Home Depot has always treated Jack with respect and fairness. He has reviews and expectations like all other employees, but tailored to his pace and skills. Meridith, as his direct supervisor talks to him in the same tone she addresses everyone else. And in her small windowless office, she advocated long and hard for Jack’s original employment.

However, in all my years of advocacy on behalf of my children, never once has a school administrator, teacher, supervisor or manager enlisted me as Peter did when he asked, “How can I include Jack MORE?” In fact, during the elementary school years, when my husband and I asked that our son be included in a game at recess, the principal responded with,“We can’t make other children play with your children. It seems that all the Mitz family wants is MORE MORE MORE.” He even added, “People in the community are talking about that.” This was not a compliment. And indeed this school actually did provide caring and creative staff and accommodations for both of our sons. But their social growth at school hit a wall not because of our sons’ limited abilities, but because this principal’s response was to limit opportunities by saying, look at all we do for your children. Isn’t that enough?

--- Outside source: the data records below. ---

lemma dot_on_diff_left: "dot_on D (\<lambda>e. u e - u' e) v = dot_on D u v - dot_on D u' v"
  unfolding dot_on_def by (simp add: left_diff_distrib sum_subtractf)

lemma dot_on_scale_left: "dot_on D (\<lambda>e. a * u e) v = a * dot_on D u v"
  unfolding dot_on_def by (simp add: sum_distrib_left mult.assoc)

lemma dot_on_lincomb_right:
  "dot_on D u (\<lambda>e. \<Sum>i<n. c i * v i e) = (\<Sum>i<n. c i * dot_on D u (v i))"
  unfolding dot_on_def by (simp add: sum_distrib_left sum.swap[of _ D] mult_ac)

lemma dot_on_lincomb_left:
  "dot_on D (\<lambda>e. \<Sum>i<n. c i * v i e) u = (\<Sum>i<n. c i * dot_on D (v i) u)"
  using dot_on_lincomb_right[of D u] by (simp add: dot_on_commute)

lemma dot_on_self_eq_0:
  assumes "finite D" "dot_on D u u = 0" "e \<in> D"
  shows "u e = 0"
  using assms sum_nonneg_eq_0_iff[of D "\<lambda>e. u e * u e"] unfolding dot_on_def by simp

lemma finite_spanning_subfamily:
  fixes V :: "'x \<Rightarrow> 'd \<Rightarrow> real"
  assumes "finite D"
  shows "\<exists>(n::nat) A. (\<forall>i<n. A i \<in> G) \<and> (\<forall>X\<in>G. \<exists>c. \<forall>e\<in>D. V X e = (\<Sum>i<n. c i * V (A i) e))"
  using assms
proof (induction D rule: finite_induct)
  case (insert d D)
  then obtain n :: nat and A where A: "\<forall>i<n. A i \<in> G" and "\<forall>X\<in>G. \<exists>c. \<forall>e\<in>D. V X e = (\<Sum>i<n. c i * V (A i) e)"
    by blast
  then obtain c where c: "\<And>X e. X \<in> G \<Longrightarrow> e \<in> D \<Longrightarrow> V X e = (\<Sum>i<n. c X i * V (A i) e)"
    by metis
  define res where "res X = V X d - (\<Sum>i<n. c X i * V (A i) d)" for X
  show ?case
  proof (cases "\<exists>Y\<in>G. res Y \<noteq> 0")
    case False
    then show ?thesis
      using A c unfolding res_def by (intro exI[of _ n] exI[of _ A]) (auto intro!: exI[of _ "c _"])
  next
    case True
    then obtain Y where Y: "Y \<in> G" "res Y \<noteq> 0" by blast
    have "\<exists>c'. \<forall>e\<in>insert d D. V X e = (\<Sum>i<Suc n. c' i * V ((A(n := Y)) i) e)" if X: "X \<in> G" for X
    proof -
      define ratio where "ratio = res X / res Y"
      have ratio: "ratio * res Y = res X"
        using Y(2) by (simp add: ratio_def)
      have "V X e = ratio * V Y e + (\<Sum>i<n. (c X i - ratio * c Y i) * V (A i) e)" if "e \<in> insert d D" for e
      proof -
        have "(\<Sum>i<n. (c X i - ratio * c Y i) * V (A i) e) =
            (\<Sum>i<n. c X i * V (A i) e) - ratio * (\<Sum>i<n. c Y i * V (A i) e)"
          by (simp add: left_diff_distrib sum_subtractf sum_distrib_left mult.assoc)
        then show ?thesis
          using that ratio c[OF X] c[OF Y(1)] unfolding res_def by (auto simp: algebra_simps)
      qed
      then show ?thesis
        by (intro exI[of _ "\<lambda>i. if i < n then c X i - ratio * c Y i else ratio"]) simp
    qed
    then show ?thesis
      using A Y(1) by (intro exI[of _ "Suc n"] exI[of _ "A(n := Y)"]) (simp add: less_Suc_eq)
  qed
qed (auto intro: exI[of _ "0::nat"])

lemma orthogonal_projection_coefficients:
  fixes n :: nat
  assumes "finite D"
  shows "\<exists>c. \<forall>i<n. dot_on D (\<lambda>e. w e - (\<Sum>j<n. c j * v j e)) (v i) = 0"
proof (induction n arbitrary: w)
  case (Suc n)
  obtain c where c: "\<forall>i<n. dot_on D (\<lambda>e. w e - (\<Sum>j<n. c j * v j e)) (v i) = 0"
    using Suc.IH by blast
  obtain c' where c': "\<forall>i<n. dot_on D (\<lambda>e. v n e - (\<Sum>j<n. c' j * v j e)) (v i) = 0"
    using Suc.IH by blast
  define r where "r e = w e - (\<Sum>j<n. c j * v j e)" for e
  define s where "s e = v n e - (\<Sum>j<n. c' j * v j e)" for e
  txt \<open>If \<open>s\<close> vanishes on \<open>D\<close>, division by zero gives \<open>\<mu> = 0\<close>, which is still right.\<close>
  define \<mu> where "\<mu> = dot_on D r s / dot_on D s s"
  have perp: "dot_on D (\<lambda>e. r e - \<mu> * s e) (v i) = 0" if "i < n" for i
    using c c' that unfolding r_def s_def by (simp add: dot_on_diff_left dot_on_scale_left)
  have "dot_on D r s = \<mu> * dot_on D s s"
  proof (cases "dot_on D s s = 0")
    case True
    then have "dot_on D r s = 0"
      using dot_on_self_eq_0[OF assms True] by (simp add: dot_on_def)
    with True show ?thesis by simp
  qed (simp add: \<mu>_def)
  then have "dot_on D (\<lambda>e. r e - \<mu> * s e) s = 0"
    by (simp add: dot_on_diff_left dot_on_scale_left)
  moreover have "v n = (\<lambda>e. s e + (\<Sum>j<n. c' j * v j e))"
    unfolding s_def by simp
  ultimately have "dot_on D (\<lambda>e. r e - \<mu> * s e) (v n) = 0"
    using perp by (simp add: dot_on_add_right dot_on_lincomb_right)
  moreover have "w e - (\<Sum>j<Suc n. (if j < n then c j - \<mu> * c' j else \<mu>) * v j e) = r e - \<mu> * s e" for e
    unfolding r_def s_def by (simp add: algebra_simps sum_subtractf sum_distrib_left)
  ultimately show ?case
    using perp by (intro exI[of _ "\<lambda>j. if j < n then c j - \<mu> * c' j else \<mu>"]) (simp add: less_Suc_eq)
qed simp
(* Let $(X,\tau)$ and $(Y,\sigma)$ be fuzzifying topological spaces and $f:X\to Y$ surjective. Then $$\max\big(0,\ L_PC(X,\tau)+I_P(f)+O_P(f)-2\big)\le L_PC(Y,\sigma),$$ i.e. $\vDash L_PC(X,\tau)\otimes I_P(f)\otimes O_P(f)\to L_PC(Y,\sigma)$.
   Context: Łukasiewicz: $[\varphi\otimes\psi]=\max(0,[\varphi]+[\psi]-1)$, $[\varphi\to\psi]=\min(1,1-[\varphi]+[\psi])$. A fuzzifying topology on $Z$ is $\tau:P(Z)\to[0,1]$ with $\tau(Z)=1$, $\tau(A\cap B)\ge\min$, $\tau(\bigcup A_\lambda)\ge\inf\tau(A_\lambda)$. $N_x(A)=\sup_{x\in B\subseteq A}\tau(B)$; $Cl(A)(x)=1-N_x(Z\setminus A)$; for $\mu:Z\to[0,1]$, $Int(\mu)(x)=\sup_{x\in B}\min(\tau(B),\inf_{y\in B}\mu(y))$; pre-open degrees $\tau_P(A)=\inf_{x\in A}Int(Cl(A))(x)$ (similarly $\sigma_P$ on $Y$); $N^P_x(A)=\sup_{x\in B\subseteq A}\tau_P(B)$. For $G\subseteq Z$: $(\tau_P/G)(B)=\sup\{\tau_P(V):V\cap G=B\}$. Compactness degree of $G$ w.r.t. $\eta:P(G)\to[0,1]$: with $K(\Re,G)=\inf_{x\in G}\sup_{B\ni x}\Re(B)$, $[\Re\subseteq\eta]=\inf_B\min(1,1-\Re(B)+\eta(B))$, $\wp\le\Re$ pointwise, $FF(\wp)=1-\inf\{\delta\in[0,1]:\{B:\wp(B)>\delta\}\text{ finite}\}$, $\Gamma(G,\eta)=\inf_{\Re}\min\big(1,1-\max(0,K(\Re,G)+[\Re\subseteq\eta]-1)+\sup_{\wp\le\Re}\max(0,K(\wp,G)+FF(\wp)-1)\big)$. Locally strong compactness $L_PC(Z,\tau)=\inf_{x\in Z}\sup_{B\subseteq Z}\max(0,N^P_x(B)+\Gamma(B,\tau_P/B)-1)$. Pre-irresoluteness $I_P(f)=\inf_{B\subseteq Y}\min(1,1-\sigma_P(B)+\tau_P(f^{-1}(B)))$; pre-openness $O_P(f)=\inf_{U\subseteq X}\min(1,1-\tau_P(U)+\sigma_P(f(U)))$. *)

theory Defs
  imports Main "HOL-Library.FuncSet" Complex_Main
begin

text \<open>Truth values are reals in [0,1]. Suprema/infima of subsets of [0,1],
  with the [0,1]-lattice conventions sup of empty = 0, inf of empty = 1.\<close>

definition supI :: "real set \<Rightarrow> real" where
  "supI S = (if S = {} then 0 else Sup S)"

definition infI :: "real set \<Rightarrow> real" where
  "infI S = (if S = {} then 1 else Inf S)"

definition luk_and :: "real \<Rightarrow> real \<Rightarrow> real" where
  "luk_and a b = max 0 (a + b - 1)"

definition luk_imp :: "real \<Rightarrow> real \<Rightarrow> real" where
  "luk_imp a b = min 1 (1 - a + b)"

definition fuzzifying_topology :: "('a set \<Rightarrow> real) \<Rightarrow> bool" where
  "fuzzifying_topology \<tau> \<longleftrightarrow>
     (\<forall>A. 0 \<le> \<tau> A \<and> \<tau> A \<le> 1) \<and>
     \<tau> UNIV = 1 \<and>
     (\<forall>A B. \<tau> (A \<inter> B) \<ge> min (\<tau> A) (\<tau> B)) \<and>
     (\<forall>F. \<tau> (\<Union>F) \<ge> infI (\<tau> ` F))"

definition fnbhd :: "('a set \<Rightarrow> real) \<Rightarrow> 'a \<Rightarrow> 'a set \<Rightarrow> real" where
  "fnbhd \<tau> x A = supI {\<tau> B | B. x \<in> B \<and> B \<subseteq> A}"

definition fcl :: "('a set \<Rightarrow> real) \<Rightarrow> 'a set \<Rightarrow> 'a \<Rightarrow> real" where
  "fcl \<tau> A x = 1 - fnbhd \<tau> x (- A)"

definition fint :: "('a set \<Rightarrow> real) \<Rightarrow> ('a \<Rightarrow> real) \<Rightarrow> 'a \<Rightarrow> real" where
  "fint \<tau> \<mu> x = supI {min (\<tau> B) (infI (\<mu> ` B)) | B. x \<in> B}"

definition preopen :: "('a set \<Rightarrow> real) \<Rightarrow> 'a set \<Rightarrow> real" where
  "preopen \<tau> A = infI ((\<lambda>x. fint \<tau> (fcl \<tau> A) x) ` A)"

definition pnbhd :: "('a set \<Rightarrow> real) \<Rightarrow> 'a \<Rightarrow> 'a set \<Rightarrow> real" where
  "pnbhd \<tau> x A = supI {preopen \<tau> B | B. x \<in> B \<and> B \<subseteq> A}"

text \<open>Subspace family (tau_P / G)(B), meaningful for B \<subseteq> G.\<close>
definition subsp :: "('a set \<Rightarrow> real) \<Rightarrow> 'a set \<Rightarrow> 'a set \<Rightarrow> real" where
  "subsp \<eta> G B = supI {\<eta> V | V. V \<inter> G = B}"

text \<open>Fuzzy families on P(G): [0,1]-valued functions on subsets of G,
  canonically extended by 0 outside P(G).\<close>
definition ffam :: "'a set \<Rightarrow> ('a set \<Rightarrow> real) set" where
  "ffam G = {R. (\<forall>B. 0 \<le> R B \<and> R B \<le> 1) \<and> (\<forall>B. \<not> B \<subseteq> G \<longrightarrow> R B = 0)}"

definition Kcov :: "('a set \<Rightarrow> real) \<Rightarrow> 'a set \<Rightarrow> real" where
  "Kcov R G = infI ((\<lambda>x. supI {R B | B. B \<subseteq> G \<and> x \<in> B}) ` G)"

definition fsub :: "('a set \<Rightarrow> real) \<Rightarrow> ('a set \<Rightarrow> real) \<Rightarrow> 'a set \<Rightarrow> real" where
  "fsub R \<eta> G = infI {luk_imp (R B) (\<eta> B) | B. B \<subseteq> G}"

No, it is not enough. It does not begin to be enough. The principal was right in one way. I do expect MORE MORE MORE. More assistance does mean extra but it doesn’t mean extra special and it doesn’t even always mean extra money. The word extra is deceiving. Words like extra and special imply privilege. Extra for our kids doesn’t mean icing on a cake. It doesn’t even mean the cake. Extra assistance means our kids get a shot at having the main meal. Extra means we rightfully expect to be partners in advocacy. Planning opportunities for engagement, growth, self-expression and making choices is a lifelong process for children who may not ever be able to speak independently for themselves. Attention, effort and an open perspective with a huge learning curve is required.

The Talmud says: “To save a life is to save the entire world.”

What can it mean to save a life?

It is an extraordinary ideal for people like Jack to live an ordinary life. Jack’s bosses, along with his staff, are living proof that he can achieve a good healthy life with purpose. His success depends on them. There are no superheroes in this story. Just ordinary people with notes in 2 pockets. Actively and without fanfare they are saving one young man’s world every single day.

Amy Brenner Mitz is an ordained cantor who has served congregations in Chicago, St. Louis, New York and New Hampshire. She has an older brother with autism. Presently she lives in northern New Hampshire with her husband and 24 year old twin sons, one with Fragile X Syndrome, the other with Koolen DeVries.